Expressing a complex contour integral in terms of vector integrals

Question

Let $z=x+iy$ and $f(z)=u(x,y)+iv(x,y)$ and let $C$ be a directed smooth curve. Define $\vec{f}=(u,v)$ , $d\vec{r}=(dx,dy)$ , $\vec{F}=(u,v,0)$ and $d\vec{R}=(dx,dy,0)$. What I want to do is, express $\int_C f(z)\,\textrm{d}z$ in terms of (not necessarily in terms of but somehow manipulating them) $\int_C \vec{f}\cdot d\vec{r}$ and $\int_C \vec{F}\times d\vec{R}$. What I did so far is to introduce $i$ to the vector fields and express the real part in terms of those terms.
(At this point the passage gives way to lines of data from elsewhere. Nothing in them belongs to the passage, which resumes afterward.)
(* Let $a\in(0,1]$, $b>0$, and let $q\in(0,1]$ with $q+a>1$. Let $I_n$ be the first decrement of the block-counting process of the $\mathrm{Beta}(a,b)$-coalescent started at $n$, and let $\xi$ be a random variable with $\mathbb{P}\{\xi=k\}=p^{(a)}_k:=\frac{(2-a)\Gamma(k+a-1)}{\Gamma(a)(k+1)!}$, $k\in\mathbb{N}$. Then $$\sum_{k=1}^{n-1}k^q\big|\mathbb{P}\{I_n=k\}-\mathbb{P}\{\xi=k\}\big|=O(n^{a+q-2}),\qquad n\to\infty.$$
   Context: For the $\mathrm{Beta}(a,b)$-coalescent, $\Lambda$ has density $x^{a-1}(1-x)^{b-1}/\mathrm{B}(a,b)$ on $[0,1]$; set $\lambda_{n,k}=\int_0^1x^{k-2}(1-x)^{n-k}\Lambda(dx)$ for $2\le k\le n$ and $\lambda_n=\sum_{k=2}^n\binom nk\lambda_{n,k}$. The first decrement $I_n$ has law $\mathbb{P}\{I_n=k\}=\binom{n}{k+1}\lambda_{n,k+1}/\lambda_n$, $1\le k\le n-1$. *)

theory Defs
  imports "HOL-Analysis.Analysis" "HOL-Library.Landau_Symbols"
begin

definition beta_density :: "real \<Rightarrow> real \<Rightarrow> real \<Rightarrow> real" where
  "beta_density a b x = x powr (a - 1) * (1 - x) powr (b - 1) / Beta a b"

definition lambda_nk :: "real \<Rightarrow> real \<Rightarrow> nat \<Rightarrow> nat \<Rightarrow> real" where
  "lambda_nk a b n k = (LBINT x=0..1. x ^ (k - 2) * (1 - x) ^ (n - k) * beta_density a b x)"

definition lambda_n :: "real \<Rightarrow> real \<Rightarrow> nat \<Rightarrow> real" where
  "lambda_n a b n = (\<Sum>k=2..n. real (n choose k) * lambda_nk a b n k)"

definition first_decrement_prob :: "real \<Rightarrow> real \<Rightarrow> nat \<Rightarrow> nat \<Rightarrow> real" where
  "first_decrement_prob a b n k = real (n choose (k + 1)) * lambda_nk a b n (k + 1) / lambda_n a b n"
So, here is what I did \begin{align*} \int_C f(z)\,dz &= \int_C (u+iv)(dx+idy) \\ &=\int_C (u\,dx-v\,dy)+i(u\,dy+v\,dx) \end{align*} $$ \vec{f_z}=(u,iv)\,,\quad d\vec{r}_z = (dx,idy) \implies \int_C \vec{f_z}\cdot d\vec{r}_z = \int_C (u\,dx-v\,dy)\\ \implies \operatorname{Re}\left(\int_Cf(z)\,dz\right)=\int_C \vec{f_z}\cdot d\vec{r}_z\\[0.7cm]$$ \begin{align*} \int_C \vec{F}\times d\vec{R}&=\int_C(u,v,0)\times(dx,dy,0)\\ &=\int_C (0,0,u\,dy-v\,dx) = \left(0,0,\int_C(u\,dy-v\,dx)\right) \end{align*} So, I am stuck here, I tried a lot variations on the last integral but I couldn't succeed yet.

Answer 1

I figured it out with some help. \begin{align*} \int_C \overline{f(z)}\,dz &= \int_C (u-iv)(dx+i\,dy)\\ &=\int_C (u\,dx+v\,dy)+i(u\,dy-v\,dx)\\ &=\int_C (u\,dx+v\,dy) + i\int_C (u\,dy-v\,dx)\\ &=\left( \int_C \vec f\cdot d\vec r \right) + i \left(\hat k\cdot\int_C \vec F\times d\vec R\right) \end{align*}